» SUPPLIED RECORDS:

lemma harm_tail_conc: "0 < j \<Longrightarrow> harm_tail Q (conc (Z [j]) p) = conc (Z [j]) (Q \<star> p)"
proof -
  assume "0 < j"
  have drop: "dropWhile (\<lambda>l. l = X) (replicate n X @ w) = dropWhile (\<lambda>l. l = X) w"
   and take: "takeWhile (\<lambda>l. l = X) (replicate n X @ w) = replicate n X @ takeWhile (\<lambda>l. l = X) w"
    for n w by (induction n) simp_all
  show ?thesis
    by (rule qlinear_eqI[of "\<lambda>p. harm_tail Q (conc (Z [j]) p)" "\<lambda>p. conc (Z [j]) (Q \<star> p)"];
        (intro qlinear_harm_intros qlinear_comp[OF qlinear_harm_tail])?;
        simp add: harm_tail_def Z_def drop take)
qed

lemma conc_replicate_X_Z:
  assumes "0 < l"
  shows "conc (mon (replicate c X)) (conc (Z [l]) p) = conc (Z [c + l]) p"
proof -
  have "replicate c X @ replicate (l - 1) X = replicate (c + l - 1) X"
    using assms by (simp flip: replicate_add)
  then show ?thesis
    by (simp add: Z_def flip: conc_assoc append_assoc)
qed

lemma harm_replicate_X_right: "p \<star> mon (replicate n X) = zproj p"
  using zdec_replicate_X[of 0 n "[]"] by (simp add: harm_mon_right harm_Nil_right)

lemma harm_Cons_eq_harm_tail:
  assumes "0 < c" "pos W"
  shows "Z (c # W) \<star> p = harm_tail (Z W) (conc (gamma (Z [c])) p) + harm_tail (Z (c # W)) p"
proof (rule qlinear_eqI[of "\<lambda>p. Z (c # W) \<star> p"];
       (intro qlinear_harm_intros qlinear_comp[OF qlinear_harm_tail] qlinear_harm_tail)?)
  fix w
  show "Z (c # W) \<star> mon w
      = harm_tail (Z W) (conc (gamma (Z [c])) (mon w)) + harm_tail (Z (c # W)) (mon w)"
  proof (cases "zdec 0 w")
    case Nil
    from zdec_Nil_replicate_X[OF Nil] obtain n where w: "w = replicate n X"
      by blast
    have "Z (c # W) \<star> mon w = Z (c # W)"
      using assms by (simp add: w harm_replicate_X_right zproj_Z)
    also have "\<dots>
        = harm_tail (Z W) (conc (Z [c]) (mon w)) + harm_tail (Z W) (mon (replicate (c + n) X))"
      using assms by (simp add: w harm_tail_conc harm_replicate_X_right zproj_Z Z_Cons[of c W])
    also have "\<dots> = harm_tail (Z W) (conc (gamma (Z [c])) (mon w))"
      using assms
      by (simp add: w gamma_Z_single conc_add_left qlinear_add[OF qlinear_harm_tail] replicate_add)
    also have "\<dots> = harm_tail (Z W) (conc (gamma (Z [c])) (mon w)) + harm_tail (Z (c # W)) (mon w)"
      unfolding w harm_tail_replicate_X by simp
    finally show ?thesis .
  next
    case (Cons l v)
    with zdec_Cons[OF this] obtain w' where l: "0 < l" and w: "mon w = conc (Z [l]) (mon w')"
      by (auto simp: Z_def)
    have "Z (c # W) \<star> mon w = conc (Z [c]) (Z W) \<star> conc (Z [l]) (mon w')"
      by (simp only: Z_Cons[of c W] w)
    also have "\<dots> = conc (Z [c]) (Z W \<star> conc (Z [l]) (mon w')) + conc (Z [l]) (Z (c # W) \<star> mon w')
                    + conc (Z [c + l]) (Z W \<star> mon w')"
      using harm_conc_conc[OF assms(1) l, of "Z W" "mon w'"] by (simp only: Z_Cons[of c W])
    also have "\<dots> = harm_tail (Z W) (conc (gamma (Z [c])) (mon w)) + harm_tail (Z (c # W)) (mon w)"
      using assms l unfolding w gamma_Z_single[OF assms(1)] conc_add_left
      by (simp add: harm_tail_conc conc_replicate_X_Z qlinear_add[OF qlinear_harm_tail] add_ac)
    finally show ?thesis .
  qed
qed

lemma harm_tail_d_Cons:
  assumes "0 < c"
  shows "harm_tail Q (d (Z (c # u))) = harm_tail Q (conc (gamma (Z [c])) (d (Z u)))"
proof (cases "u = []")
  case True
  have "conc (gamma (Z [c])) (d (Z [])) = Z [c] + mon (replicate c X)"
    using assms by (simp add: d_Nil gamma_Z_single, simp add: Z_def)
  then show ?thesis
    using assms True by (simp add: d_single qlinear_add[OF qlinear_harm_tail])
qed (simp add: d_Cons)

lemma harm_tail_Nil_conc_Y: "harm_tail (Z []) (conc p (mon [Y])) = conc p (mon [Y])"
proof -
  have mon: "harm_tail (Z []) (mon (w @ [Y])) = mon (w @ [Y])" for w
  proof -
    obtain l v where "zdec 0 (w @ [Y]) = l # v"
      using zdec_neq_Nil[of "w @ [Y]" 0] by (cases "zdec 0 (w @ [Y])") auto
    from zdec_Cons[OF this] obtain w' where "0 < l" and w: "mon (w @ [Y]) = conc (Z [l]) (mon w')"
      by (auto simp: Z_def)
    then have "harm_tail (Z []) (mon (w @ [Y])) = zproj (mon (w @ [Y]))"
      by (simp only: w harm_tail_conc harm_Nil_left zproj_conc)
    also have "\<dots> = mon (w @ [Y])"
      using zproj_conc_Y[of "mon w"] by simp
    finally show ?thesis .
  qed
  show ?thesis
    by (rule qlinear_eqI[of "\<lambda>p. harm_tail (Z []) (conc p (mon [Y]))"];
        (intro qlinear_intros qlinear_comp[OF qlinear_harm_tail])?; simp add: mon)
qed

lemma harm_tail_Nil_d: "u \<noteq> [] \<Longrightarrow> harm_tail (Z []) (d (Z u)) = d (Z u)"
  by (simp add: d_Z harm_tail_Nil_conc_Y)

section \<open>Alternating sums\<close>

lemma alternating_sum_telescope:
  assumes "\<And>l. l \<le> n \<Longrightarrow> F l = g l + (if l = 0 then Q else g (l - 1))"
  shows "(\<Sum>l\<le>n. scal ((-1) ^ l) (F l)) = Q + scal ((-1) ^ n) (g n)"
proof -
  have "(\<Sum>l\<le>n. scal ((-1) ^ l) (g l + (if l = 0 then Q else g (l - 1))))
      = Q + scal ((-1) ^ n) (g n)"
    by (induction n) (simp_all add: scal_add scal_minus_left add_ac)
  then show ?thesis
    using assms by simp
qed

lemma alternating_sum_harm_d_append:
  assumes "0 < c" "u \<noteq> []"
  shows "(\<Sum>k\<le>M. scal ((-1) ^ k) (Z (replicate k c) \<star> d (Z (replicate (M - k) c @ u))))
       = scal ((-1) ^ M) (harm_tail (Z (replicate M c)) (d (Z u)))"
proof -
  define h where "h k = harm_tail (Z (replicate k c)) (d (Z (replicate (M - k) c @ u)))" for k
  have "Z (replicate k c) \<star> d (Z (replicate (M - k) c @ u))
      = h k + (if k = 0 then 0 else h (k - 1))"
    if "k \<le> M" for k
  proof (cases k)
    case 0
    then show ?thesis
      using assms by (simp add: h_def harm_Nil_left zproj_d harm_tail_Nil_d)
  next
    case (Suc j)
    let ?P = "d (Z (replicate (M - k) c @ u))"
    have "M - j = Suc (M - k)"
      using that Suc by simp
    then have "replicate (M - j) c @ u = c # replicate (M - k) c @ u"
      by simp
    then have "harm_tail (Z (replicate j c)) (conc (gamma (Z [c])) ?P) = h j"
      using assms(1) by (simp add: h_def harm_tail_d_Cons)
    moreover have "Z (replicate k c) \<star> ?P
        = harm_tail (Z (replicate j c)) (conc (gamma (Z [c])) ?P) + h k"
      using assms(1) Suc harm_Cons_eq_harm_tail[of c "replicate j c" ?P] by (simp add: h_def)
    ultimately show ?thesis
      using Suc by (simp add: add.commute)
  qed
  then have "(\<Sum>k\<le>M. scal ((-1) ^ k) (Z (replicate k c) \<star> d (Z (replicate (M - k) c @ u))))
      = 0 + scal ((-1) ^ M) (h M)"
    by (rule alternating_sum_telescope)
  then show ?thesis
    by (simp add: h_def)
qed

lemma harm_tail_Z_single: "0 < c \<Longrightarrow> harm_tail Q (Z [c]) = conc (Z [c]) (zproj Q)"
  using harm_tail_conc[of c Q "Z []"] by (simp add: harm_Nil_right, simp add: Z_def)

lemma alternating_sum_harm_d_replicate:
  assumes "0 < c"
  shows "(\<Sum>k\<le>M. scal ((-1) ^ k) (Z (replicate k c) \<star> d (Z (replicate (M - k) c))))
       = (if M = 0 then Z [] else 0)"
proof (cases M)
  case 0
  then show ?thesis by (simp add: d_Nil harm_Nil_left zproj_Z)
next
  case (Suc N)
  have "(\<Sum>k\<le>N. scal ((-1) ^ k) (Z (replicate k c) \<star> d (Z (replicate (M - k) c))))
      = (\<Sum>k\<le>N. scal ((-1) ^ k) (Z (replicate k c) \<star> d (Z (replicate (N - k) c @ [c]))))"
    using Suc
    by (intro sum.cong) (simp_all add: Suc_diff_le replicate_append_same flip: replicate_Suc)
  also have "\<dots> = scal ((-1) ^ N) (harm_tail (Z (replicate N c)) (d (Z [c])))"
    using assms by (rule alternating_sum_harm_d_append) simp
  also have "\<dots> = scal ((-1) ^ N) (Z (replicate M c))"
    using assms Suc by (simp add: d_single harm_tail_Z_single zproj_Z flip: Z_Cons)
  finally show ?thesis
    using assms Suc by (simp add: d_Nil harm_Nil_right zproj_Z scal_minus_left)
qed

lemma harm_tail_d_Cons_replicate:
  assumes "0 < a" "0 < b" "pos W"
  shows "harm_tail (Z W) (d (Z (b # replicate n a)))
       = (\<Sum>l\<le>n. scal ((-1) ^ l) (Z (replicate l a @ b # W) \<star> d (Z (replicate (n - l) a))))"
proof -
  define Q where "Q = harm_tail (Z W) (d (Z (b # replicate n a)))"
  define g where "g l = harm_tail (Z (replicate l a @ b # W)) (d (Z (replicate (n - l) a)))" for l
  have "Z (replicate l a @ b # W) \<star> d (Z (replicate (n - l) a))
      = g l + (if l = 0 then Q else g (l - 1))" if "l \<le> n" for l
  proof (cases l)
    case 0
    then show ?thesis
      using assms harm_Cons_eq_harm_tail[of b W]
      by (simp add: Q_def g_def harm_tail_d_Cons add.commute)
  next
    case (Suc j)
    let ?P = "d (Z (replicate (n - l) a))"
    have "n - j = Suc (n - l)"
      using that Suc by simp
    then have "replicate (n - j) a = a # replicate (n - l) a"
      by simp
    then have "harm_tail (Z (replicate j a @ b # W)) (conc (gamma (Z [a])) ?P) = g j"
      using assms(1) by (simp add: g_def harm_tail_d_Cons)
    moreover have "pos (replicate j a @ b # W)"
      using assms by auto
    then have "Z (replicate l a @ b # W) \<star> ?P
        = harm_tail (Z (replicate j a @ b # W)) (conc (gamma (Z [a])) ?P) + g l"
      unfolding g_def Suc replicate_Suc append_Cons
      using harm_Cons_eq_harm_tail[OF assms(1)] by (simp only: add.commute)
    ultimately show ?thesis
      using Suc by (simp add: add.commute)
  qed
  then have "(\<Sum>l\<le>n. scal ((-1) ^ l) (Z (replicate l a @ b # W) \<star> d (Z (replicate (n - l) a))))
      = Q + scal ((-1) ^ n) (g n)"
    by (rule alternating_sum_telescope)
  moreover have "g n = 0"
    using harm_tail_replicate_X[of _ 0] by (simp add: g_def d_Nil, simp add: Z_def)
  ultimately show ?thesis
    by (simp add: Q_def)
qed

» TASK OBJECTIVE:
Copy out the lines above exactly, beginning at the one that contains "(gamma (Z [c])) ?P) = h" and ending at the one that contains "(gamma (Z [c])) ?P) +".

» SOLUTION TO THIS PROBLEM:
    then have "harm_tail (Z (replicate j c)) (conc (gamma (Z [c])) ?P) = h j"
      using assms(1) by (simp add: h_def harm_tail_d_Cons)
    moreover have "Z (replicate k c) \<star> ?P
        = harm_tail (Z (replicate j c)) (conc (gamma (Z [c])) ?P) + h k"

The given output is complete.